The file is indeed encoded as UTF-8 and although the XML header denotes that it has been exported as UTF8:

<?xml version="1.0" encoding="UTF8"?>

The body content seems to differ:

"text": "Condição de pagamento sujeito a análise de crédito: "

I will say it again, the original file is encoded as UTF-8 and it displays correctly if seen from any editor.
Both the editor and the file utility identifies the file as UTF-8 without BOM (and that is correct).

With that said, can anyone figure what am I doing wrong? Or is that a bug?

I used Caché 2017 and IRIS 2019.3, both presented the same issue.

Discussion (10)1
Log in or sign up to continue

Hi Rubens.

Works fine for me on IRIS 2020.1 with rusw locale, see below.

Perhaps you can try to export directly to file, instead of using stream.

USER>!type ..\..\csp\user\test.json

{
"a":"русский текст"
}
USER>set stream=##class(%Stream.FileCharacter).%New()   

USER>set stream.Filename = "c:\temp\qq.xml"                                      

USER>do $System.OBJ.ExportToStream("/csp/user/test.json", .stream,,,"UTF8")      
Exporting to XML started on 04/16/2020 12:13:33
Exporting CSP/CSR or file: /csp/user/test.json
Export finished successfully.

USER>w stream.%Save()
1

USER>!type c:\temp\qq.xml

<?xml version="1.0" encoding="UTF8"?>
<Export generator="IRIS" version="26" zv="IRIS for Windows (x86-64) 2020.1 (Build 215U)" ts="2020-04-16 12:13:33">
<CSP name="test.json" application="/csp/user/" default="1"><![CDATA[
{
"a":"русский текст"
}]]></CSP>
</Export>

Hello @Alexander Koblov.

I also did the test using Export instead of ExportToStream and got the same result.

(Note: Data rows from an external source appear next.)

definition range_edges :: "'v set \<Rightarrow> 'a set \<Rightarrow> (('v \<Rightarrow> 'a rel) \<Rightarrow> 'a set) \<Rightarrow> 'a set set" where
  "range_edges V A F = F ` profiles V A"

definition bipartite :: "'a set \<Rightarrow> 'a set set \<Rightarrow> bool" where
  "bipartite Vs E = (\<exists>X Y. X \<inter> Y = {} \<and> X \<union> Y = Vs \<and>
      (\<forall>e\<in>E. \<exists>x\<in>X. \<exists>y\<in>Y. e = {x, y}))"

end

theory Submission
  imports Defs
begin

text \<open>
  Reducibility always splits every outcome across the two parts, so only the converse needs
  an argument. Let the range graph be bipartite with sides \<open>X\<close> and \<open>A - X\<close>; then each
  outcome \<open>F P\<close> consists of one alternative of either side, and it suffices to show that the
  alternative on the side \<open>X\<close> depends only on the restriction of \<open>P\<close> to \<open>X\<close>. Changing one
  voter at a time, consider a voter whose new order agrees with the old one on \<open>X\<close>. Raising
  \<open>X\<close> above \<open>A - X\<close> in her order (keeping the order within each side) does not move the winner
  on \<open>X\<close>: deviating back and forth, SPO and SPP force the new outcome to be weakly better on
  both sides, and SPO and SPP in the forward direction then pin the winner on \<open>X\<close>. Between two
  orders with \<open>X\<close> on top that agree on \<open>X\<close>, SPO in both directions suffices.
\<close>

lemma linear_order_onD:
  assumes "linear_order_on A R"
  shows "R \<subseteq> A \<times> A" and "a \<in> A \<Longrightarrow> (a, a) \<in> R"
    and "(a, b) \<in> R \<Longrightarrow> (b, c) \<in> R \<Longrightarrow> (a, c) \<in> R"
    and "(a, b) \<in> R \<Longrightarrow> (b, a) \<in> R \<Longrightarrow> a = b"
    and "a \<in> A \<Longrightarrow> b \<in> A \<Longrightarrow> (a, b) \<in> R \<or> (b, a) \<in> R"
proof -
  have po: "partial_order_on A R" and total: "total_on A R"
    using assms unfolding linear_order_on_def by auto
  show "R \<subseteq> A \<times> A"
    using partial_order_onD(4)[OF po] .
  show "a \<in> A \<Longrightarrow> (a, a) \<in> R"
    using refl_onD[OF partial_order_onD(1)[OF po]] .
  show "(a, b) \<in> R \<Longrightarrow> (b, c) \<in> R \<Longrightarrow> (a, c) \<in> R"
    using transD[OF partial_order_onD(2)[OF po]] .
  show "(a, b) \<in> R \<Longrightarrow> (b, a) \<in> R \<Longrightarrow> a = b"
    using antisymD[OF partial_order_onD(3)[OF po]] .
  show "a \<in> A \<Longrightarrow> b \<in> A \<Longrightarrow> (a, b) \<in> R \<or> (b, a) \<in> R"
    using total refl_onD[OF partial_order_onD(1)[OF po]] unfolding total_on_def by metis
qed

lemma linear_order_onI:
  assumes "R \<subseteq> A \<times> A" and "\<And>a. a \<in> A \<Longrightarrow> (a, a) \<in> R"
    and "\<And>a b c. (a, b) \<in> R \<Longrightarrow> (b, c) \<in> R \<Longrightarrow> (a, c) \<in> R"
    and "\<And>a b. (a, b) \<in> R \<Longrightarrow> (b, a) \<in> R \<Longrightarrow> a = b"
    and "\<And>a b. a \<in> A \<Longrightarrow> b \<in> A \<Longrightarrow> (a, b) \<in> R \<or> (b, a) \<in> R"
  shows "linear_order_on A R"
  unfolding order_on_defs total_on_def
  using assms by (auto intro: refl_onI transI antisymI)

lemma linear_order_on_restrict:
  assumes R: "linear_order_on A R" and "B \<subseteq> A"
  shows "linear_order_on B (R \<inter> B \<times> B)"
proof (rule linear_order_onI)
  note R_facts = linear_order_onD[OF R]
  show "R \<inter> B \<times> B \<subseteq> B \<times> B"
    by blast
  show "(a, a) \<in> R \<inter> B \<times> B" if "a \<in> B" for a
    using R_facts(2) assms(2) that by blast
  show "(a, c) \<in> R \<inter> B \<times> B" if "(a, b) \<in> R \<inter> B \<times> B" and "(b, c) \<in> R \<inter> B \<times> B" for a b c
    using R_facts(3) that by blast
  show "a = b" if "(a, b) \<in> R \<inter> B \<times> B" and "(b, a) \<in> R \<inter> B \<times> B" for a b
    using R_facts(4) that by blast
  show "(a, b) \<in> R \<inter> B \<times> B \<or> (b, a) \<in> R \<inter> B \<times> B" if "a \<in> B" and "b \<in> B" for a b
    using R_facts(5) assms(2) that by blast
qed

Now first thing, you must make sure that the file you used is indeed written using UTF-8.

You can check it by using the following command:

file -bi ..\..\csp\user\test.json

It should display:

charset=utf-8

Now regarding more tests I did, it seems like there's an imposed transcoding step when exporting the file. I ran several simulations with many type of combinations:

  • When the original is file written using UTF-8 and I exported using UTF8 it broke the encoding.
  • When the original is file written using UTF-8 and I exported using RAW (which is ISO-8859-1 in my case), it DID NOT broke the encoding.
  • When the original is file written using ISO-8859-1 and I exported using RAW, it DID NOT broke the encoding.
  • When the original is file written using ISO-8859-1 and I exported using UTF8 it DID NOT broke the encoding.

This is very strange.

Yes, what I meant to say is that the original file is correct. It's not us who did the double transcoding. The resulting output that I posted:

"text": "Condição de pagamento sujeito a análise de crédito: "

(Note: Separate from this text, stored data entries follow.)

lemma gmean_at_minima_le:
  assumes "I \<subseteq> I0" "J \<subseteq> J0" "i0 \<in> I" "\<forall>i\<in>I. \<rho> i0 \<le> \<rho> i" "j0 \<in> J" "\<forall>j\<in>J. \<sigma> j0 \<le> \<sigma> j"
  shows "\<forall>i\<in>I. \<forall>j\<in>J. gmean t (\<rho> i0) (\<sigma> j0) \<le> gmean t (\<rho> i) (\<sigma> j)"
proof -
  have "0 < \<rho> i0" "0 < \<sigma> j0"
    using assms \<rho>_pos \<sigma>_pos by auto
  then show ?thesis
    using assms t_bounds by (auto intro: gmean_mono)
qed

text \<open>Invariant of the induction: \<open>\<mu>\<close>, \<open>\<nu>\<close> are fractional multiplicities, so that a row or column
  can be peeled off in part, and the \<open>h\<close>-term is the surplus that a uniform lower bound \<open>h\<close> on \<open>F\<close>
  yields on the cover beyond the \<open>b\<close>-estimate.\<close>
definition interpolated_bound :: "'i set \<Rightarrow> 'j set \<Rightarrow> ('i \<Rightarrow> real) \<Rightarrow> ('j \<Rightarrow> real) \<Rightarrow> real \<Rightarrow> bool"
  where "interpolated_bound I J \<mu> \<nu> h \<longleftrightarrow>
    b * gmean t (\<Sum>i\<in>I. \<mu> i * \<rho> i) (\<Sum>j\<in>J. \<nu> j * \<sigma> j)
      + h * (card (cover I J) - b * gmean t (sum \<mu> I) (sum \<nu> J))
    \<le> (\<Sum>w\<in>cover I J. F w)"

Is straight from the call from Export and/or ExportToStream. Which is why I said that these methods seems to impose a transcoding step.

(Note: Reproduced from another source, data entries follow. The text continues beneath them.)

lemma sum_card_incident:
  assumes "finite W" "finite F"
  shows "(\<Sum>w\<in>W. card {e \<in> F. w \<in> e}) = (\<Sum>e\<in>F. card (W \<inter> e))"
proof -
  have "(\<Sum>w\<in>W. card {e \<in> F. w \<in> e}) = (\<Sum>w\<in>W. \<Sum>e\<in>F. if w \<in> e then 1 else 0)"
    using assms(2) by (simp add: sum.inter_filter[symmetric])
  also have "\<dots> = (\<Sum>e\<in>F. \<Sum>w\<in>W. if w \<in> e then 1 else 0)"
    by (rule sum.swap)
  also have "\<dots> = (\<Sum>e\<in>F. card (W \<inter> e))"
    using assms(1) by (simp add: sum.inter_filter[symmetric] Int_def)
  finally show ?thesis .
qed

lemma less_4_cases: "(a::nat) < 4 \<Longrightarrow> a = 0 \<or> a = 1 \<or> a = 2 \<or> a = 3"
  by arith

lemma step_mod_4:
  assumes "(a::nat) < 4" "s \<in> {1,3}"
  shows "(a + s) mod 4 \<noteq> a" and "(a + 1) mod 4 \<noteq> (a + 3) mod 4"
    and "even ((a + s) mod 4) \<longleftrightarrow> odd a"
  using assms less_4_cases[of a] by auto

text \<open>The neighbour of x along dimension i; s \<in> {1,3} encodes the step \<plusminus>1 in coordinate 0.\<close>

definition bh_nbr :: "nat list \<Rightarrow> nat \<Rightarrow> nat \<Rightarrow> nat list" where
  "bh_nbr x i s = (if i = 0 then x[0 := (x!0 + s) mod 4]
     else x[0 := (x!0 + s) mod 4, i := (x!i + (if even (x!0) then 1 else 3)) mod 4])"

lemma length_bh_nbr [simp]: "length (bh_nbr x i s) = length x"
  by (simp add: bh_nbr_def)

lemma nth_bh_nbr: "j < length x \<Longrightarrow> bh_nbr x i s ! j =
   (if j = 0 then (x!0 + s) mod 4
    else if j = i then (x!i + (if even (x!0) then 1 else 3)) mod 4 else x!j)"
  by (auto simp: bh_nbr_def nth_list_update)

lemma bh_adj_iff_nbr:
  assumes "n \<ge> 1"
  shows "bh_adj n u v \<longleftrightarrow> u \<in> bh_verts n \<and> (\<exists>i<n. \<exists>s\<in>{1,3}. v = bh_nbr u i s)"
proof -
  have "(\<exists>i. 1 \<le> i \<and> i \<le> n - 1 \<and> v = bh_nbr u i s) \<longleftrightarrow>
      (\<exists>i. 1 \<le> i \<and> i \<le> n - 1 \<and>
         v = u[0 := (u ! 0 + s) mod 4, i := (u ! i + (if even (u ! 0) then 1 else 3)) mod 4])" for s
    by (intro ex_cong1 conj_cong refl) (simp_all add: bh_nbr_def)
  then have "(\<exists>i<n. v = bh_nbr u i s) \<longleftrightarrow> v = u[0 := (u ! 0 + s) mod 4] \<or>
      (\<exists>i. 1 \<le> i \<and> i \<le> n - 1 \<and>
         v = u[0 := (u ! 0 + s) mod 4, i := (u ! i + (if even (u ! 0) then 1 else 3)) mod 4])" for s
    using ex_less_split[OF assms, of "\<lambda>i. v = bh_nbr u i s"] by (simp add: bh_nbr_def)
  then show ?thesis
    unfolding bh_adj_def by blast
qed

lemma bh_nbr_in_verts: "x \<in> bh_verts n \<Longrightarrow> bh_nbr x i s \<in> bh_verts n"
  by (auto simp: bh_verts_def nth_bh_nbr)

lemma bh_nbr_bh_nbr:
  assumes x: "x \<in> bh_verts n" and "i < n" "s \<in> {1,3}"
  shows "bh_nbr (bh_nbr x i s) i (4 - s) = x"
proof (rule nth_equalityI)
  fix j assume "j < length (bh_nbr (bh_nbr x i s) i (4 - s))"
  with assms have "j < length x" "0 < length x" "i < length x" "x!0 < 4" "x!i < 4"
    by (auto simp: bh_verts_def)
  with \<open>s \<in> {1,3}\<close> show "bh_nbr (bh_nbr x i s) i (4 - s) ! j = x ! j"
    using less_4_cases[of "x!0"] less_4_cases[of "x!i"] by (auto simp: nth_bh_nbr)
qed simp

lemma
  assumes "x \<in> bh_verts n" "n \<ge> 1" "s \<in> {1,3}"
  shows bh_nbr_neq: "bh_nbr x i s \<noteq> x"
    and bh_nbr_1_neq_3: "bh_nbr x i 1 \<noteq> bh_nbr x i 3"
    and even_bh_nbr_iff: "even (bh_nbr x i s ! 0) \<longleftrightarrow> odd (x!0)"
proof -
  have "0 < length x" "x!0 < 4" using assms by (auto simp: bh_verts_def)
  then have "bh_nbr x i t ! 0 = (x!0 + t) mod 4" for t by (simp add: nth_bh_nbr)
  with step_mod_4[OF \<open>x!0 < 4\<close> assms(3)] show "bh_nbr x i s \<noteq> x" "bh_nbr x i 1 \<noteq> bh_nbr x i 3"
      "even (bh_nbr x i s ! 0) \<longleftrightarrow> odd (x!0)"
    by metis+
qed

lemma bh_nbr_edge:
  assumes "n \<ge> 1" "u \<in> bh_verts n" "i < n" "s \<in> {1,3}"
  shows "{u, bh_nbr u i s} \<in> bh_edges n"
  using assms unfolding bh_edges_def bh_adj_iff_nbr[OF assms(1)] by blast

lemma bh_edgeE:
  assumes "n \<ge> 1" "e \<in> bh_edges n"
  obtains u i s where "u \<in> bh_verts n" "i < n" "s \<in> {1,3}" "e = {u, bh_nbr u i s}"
  using assms unfolding bh_edges_def bh_adj_iff_nbr[OF assms(1)] by blast

lemma incident_bh_edges:
  assumes "n \<ge> 1" "x \<in> bh_verts n"
  shows "{e \<in> bh_edges n. x \<in> e} = (\<lambda>(i,s). {x, bh_nbr x i s}) ` ({..<n} \<times> {1,3})"
proof (intro equalityI subsetI)
  fix e assume "e \<in> {e \<in> bh_edges n. x \<in> e}"
  then have "e \<in> bh_edges n" "x \<in> e" by auto
  then obtain u i s where u: "u \<in> bh_verts n" "i < n" "s \<in> {1,3}" "e = {u, bh_nbr u i s}"
    using assms(1) by (elim bh_edgeE)
  show "e \<in> (\<lambda>(i,s). {x, bh_nbr x i s}) ` ({..<n} \<times> {1,3})"
  proof (cases "x = u")
    case False
    with u \<open>x \<in> e\<close> have "x = bh_nbr u i s" by auto
    with bh_nbr_bh_nbr[OF u(1-3)] have "e = {x, bh_nbr x i (4 - s)}"
      using u(4) by auto
    moreover have "(i, 4 - s) \<in> {..<n} \<times> {1,3}" using u(2,3) by auto
    ultimately show ?thesis by force
  qed (use u in force)
qed (use bh_nbr_edge[OF assms] in auto)

lemma bh_nbr_nth_neq_iff:
  assumes "x \<in> bh_verts n" "0 < j" "j < n"
  shows "bh_nbr x i s ! j \<noteq> x ! j \<longleftrightarrow> j = i"
  using assms less_4_cases[of "x!j"] by (auto simp: bh_verts_def nth_bh_nbr)

lemma bh_nbr_edge_in_dim_iff:
  assumes "n \<ge> 1" "x \<in> bh_verts n" "i < n" "s \<in> {1,3}" "k < n"
  shows "{x, bh_nbr x i s} \<in> dim_edges n k \<longleftrightarrow> k = i"
proof -
  let ?y = "bh_nbr x i s"
  have "{x, ?y} \<in> dim_edges n k \<longleftrightarrow>
      (\<forall>j<n. j \<noteq> 0 \<and> j \<noteq> k \<longrightarrow> x ! j = ?y ! j) \<and> (k \<noteq> 0 \<longrightarrow> x ! k \<noteq> ?y ! k)"
    using bh_nbr_edge[OF assms(1-4)] by (auto simp: dim_edges_def doubleton_eq_iff)
  also have "\<dots> \<longleftrightarrow> k = i"
    using bh_nbr_nth_neq_iff[OF assms(2)] assms(3,5) by (metis neq0_conv)
  finally show ?thesis .
qed

lemma dim_edges_subset: "dim_edges n k \<subseteq> bh_edges n"
  by (auto simp: dim_edges_def)

lemma bh_edge_dim_unique:
  assumes "n \<ge> 1" "e \<in> dim_edges n j" "e \<in> dim_edges n k" "j < n" "k < n"
  shows "j = k"
proof -
  obtain u i s where "u \<in> bh_verts n" "i < n" "s \<in> {1,3}" "e = {u, bh_nbr u i s}"
    using assms(1,2) dim_edges_subset by (blast elim: bh_edgeE)
  with assms bh_nbr_edge_in_dim_iff show ?thesis by metis
qed

lemma bh_edge_in_dim:
  assumes "n \<ge> 1" "e \<in> bh_edges n"
  shows "\<exists>k<n. e \<in> dim_edges n k"
proof -
  obtain u i s where "u \<in> bh_verts n" "i < n" "s \<in> {1,3}" "e = {u, bh_nbr u i s}"
    using assms by (elim bh_edgeE)
  with assms(1) bh_nbr_edge_in_dim_iff show ?thesis by metis
qed

lemma bh_edge_endpoints:
  assumes "n \<ge> 1" "e \<in> bh_edges n"
  obtains a b where "e = {a, b}" "a \<noteq> b" "a \<in> bh_verts n" "b \<in> bh_verts n"
    "even (a!0) \<longleftrightarrow> odd (b!0)"
proof -
  obtain u i s where u: "u \<in> bh_verts n" "i < n" "s \<in> {1,3}" "e = {u, bh_nbr u i s}"
    using assms by (elim bh_edgeE)
  have "u \<noteq> bh_nbr u i s" using bh_nbr_neq[OF u(1) assms(1) u(3)] by metis
  with u(1,4) show thesis
    using that bh_nbr_in_verts[OF u(1)] even_bh_nbr_iff[OF u(1) assms(1) u(3)] by blast
qed

lemma card_incident_dim_edges:
  assumes "n \<ge> 1" "x \<in> bh_verts n" "k < n"
  shows "card ({e \<in> bh_edges n. x \<in> e} \<inter> dim_edges n k) = 2"
proof -
  have "{e \<in> bh_edges n. x \<in> e} \<inter> dim_edges n k = {{x, bh_nbr x k 1}, {x, bh_nbr x k 3}}"
    using bh_nbr_edge_in_dim_iff[OF assms(1,2)] assms(3)
    unfolding incident_bh_edges[OF assms(1,2)] by auto
  moreover have "{x, bh_nbr x k 1} \<noteq> {x, bh_nbr x k 3}"
    using bh_nbr_1_neq_3[OF assms(2,1)] bh_nbr_neq[OF assms(2,1)]
    by (auto simp: doubleton_eq_iff)
  ultimately show ?thesis by simp
qed

lemma finite_bh_verts: "finite (bh_verts n)"
proof (rule finite_subset)
  show "bh_verts n \<subseteq> {xs. set xs \<subseteq> {0..<4} \<and> length xs = n}"
    by (auto simp: bh_verts_def in_set_conv_nth)
qed (rule finite_lists_length_eq, simp)

lemma finite_bh_edges:
  assumes "n \<ge> 1"
  shows "finite (bh_edges n)"
proof (rule finite_subset)
  show "bh_edges n \<subseteq> Pow (bh_verts n)"
    using assms by (blast elim: bh_edge_endpoints)
qed (simp add: finite_bh_verts)

lemma card_eq_sum_card_dim_edges:
  assumes "n \<ge> 1" "S \<subseteq> bh_edges n"
  shows "card S = (\<Sum>k<n. card (S \<inter> dim_edges n k))"
proof -
  have "S = (\<Union>k<n. S \<inter> dim_edges n k)"
    using bh_edge_in_dim[OF assms(1)] assms(2) by blast
  moreover have "finite S"
    using finite_bh_edges[OF assms(1)] assms(2) finite_subset by blast
  then have "card (\<Union>k<n. S \<inter> dim_edges n k) = (\<Sum>k<n. card (S \<inter> dim_edges n k))"
    by (intro card_UN_disjoint) (use bh_edge_dim_unique[OF assms(1)] in auto)
  ultimately show ?thesis by simp
qed

lemma card_incident_bh_edges:
  assumes "n \<ge> 1" "x \<in> bh_verts n"
  shows "card {e \<in> bh_edges n. x \<in> e} = 2 * n"
  using card_eq_sum_card_dim_edges[OF assms(1), of "{e \<in> bh_edges n. x \<in> e}"]
    card_incident_dim_edges[OF assms] by simp

lemma card_bh_edges_within_le:
  assumes "n \<ge> 1" "F \<subseteq> bh_edges n" "finite W"
  shows "card {e \<in> F. e \<subseteq> W} \<le> card W ^ 2 div 4"
proof -
  let ?E = "{w \<in> W. even (w!0)}" and ?O = "{w \<in> W. odd (w!0)}"
  have "{e \<in> F. e \<subseteq> W} \<subseteq> (\<lambda>(a,b). {a,b}) ` (?E \<times> ?O)"
  proof
    fix e assume e: "e \<in> {e \<in> F. e \<subseteq> W}"
    then obtain a b where ab: "e = {a, b}" "even (a!0) \<longleftrightarrow> odd (b!0)"
      using assms(1,2) by (blast elim: bh_edge_endpoints)
    then have "(a, b) \<in> ?E \<times> ?O \<or> (b, a) \<in> ?E \<times> ?O" using e by auto
    then show "e \<in> (\<lambda>(a,b). {a,b}) ` (?E \<times> ?O)"
      using ab(1) by (auto simp: insert_commute)
  qed
  then have "card {e \<in> F. e \<subseteq> W} \<le> card ((\<lambda>(a,b). {a,b}) ` (?E \<times> ?O))"
    by (rule card_mono[rotated]) (use assms(3) in simp)
  also have "\<dots> \<le> card (?E \<times> ?O)"
    by (rule card_image_le) (use assms(3) in simp)
  also have "\<dots> = card ?E * card ?O" by (rule card_cartesian_product)
  also have "\<dots> \<le> (card ?E + card ?O)^2 div 4" by (rule mult_le_square_sum_div_4)
  also have "card ?E + card ?O = card (?E \<union> ?O)"
    by (rule card_Un_disjoint[symmetric]) (use assms(3) in auto)
  also have "?E \<union> ?O = W" by auto
  finally show ?thesis .
qed

lemma sum_card_incident_le:
  assumes "n \<ge> 1" "F \<subseteq> bh_edges n" "finite W"
  shows "(\<Sum>w\<in>W. card {e \<in> F. w \<in> e}) \<le> card F + card W ^ 2 div 4"
proof -
  have fin: "finite F" using assms(1,2) finite_bh_edges finite_subset by blast
  have "(\<Sum>w\<in>W. card {e \<in> F. w \<in> e}) = (\<Sum>e\<in>F. card (W \<inter> e))"
    by (rule sum_card_incident[OF assms(3) fin])
  also have "\<dots> \<le> (\<Sum>e\<in>F. 1 + (if e \<subseteq> W then 1 else 0))"
  proof (rule sum_mono)
    fix e assume "e \<in> F"
    then obtain a b where "e = {a, b}" using assms(1,2) by (blast elim: bh_edge_endpoints)
    then show "card (W \<inter> e) \<le> 1 + (if e \<subseteq> W then 1 else 0)"
      by (cases "a \<in> W"; cases "b \<in> W") (auto simp: Int_insert_right card_insert_if)
  qed
  also have "\<dots> = card F + card {e \<in> F. e \<subseteq> W}"
  proof -
    have "(\<Sum>e\<in>F. if e \<subseteq> W then 1 else 0) = card {e \<in> F. e \<subseteq> W}"
      using sum.inter_filter[OF fin, of "\<lambda>_. 1::nat", symmetric] by simp
    then show ?thesis by (subst sum.distrib) simp
  qed
  also have "\<dots> \<le> card F + card W ^ 2 div 4"
    using card_bh_edges_within_le[OF assms] by simp
  finally show ?thesis .
qed

locale bh_fault_set =
  fixes n :: nat and F :: "nat list set set"
  assumes n_ge_3: "n \<ge> 3"
    and faults_subset: "F \<subseteq> bh_edges n"
    and card_faults: "card F = 4 * n - 5"
    and min_degree: "\<forall>x\<in>bh_verts n. deg_in (bh_edges n - F) x \<ge> 2"
begin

This is weird, I shouldn't have to convert a file to RAW in order to export to UTF-8. But instead provide the same charset for both input/output so that the engine actually knows which encoding to use (but not transcode).

Unless there's is a way to effectively disable that hidden transcoding step that these method do, this make these methods really misleading.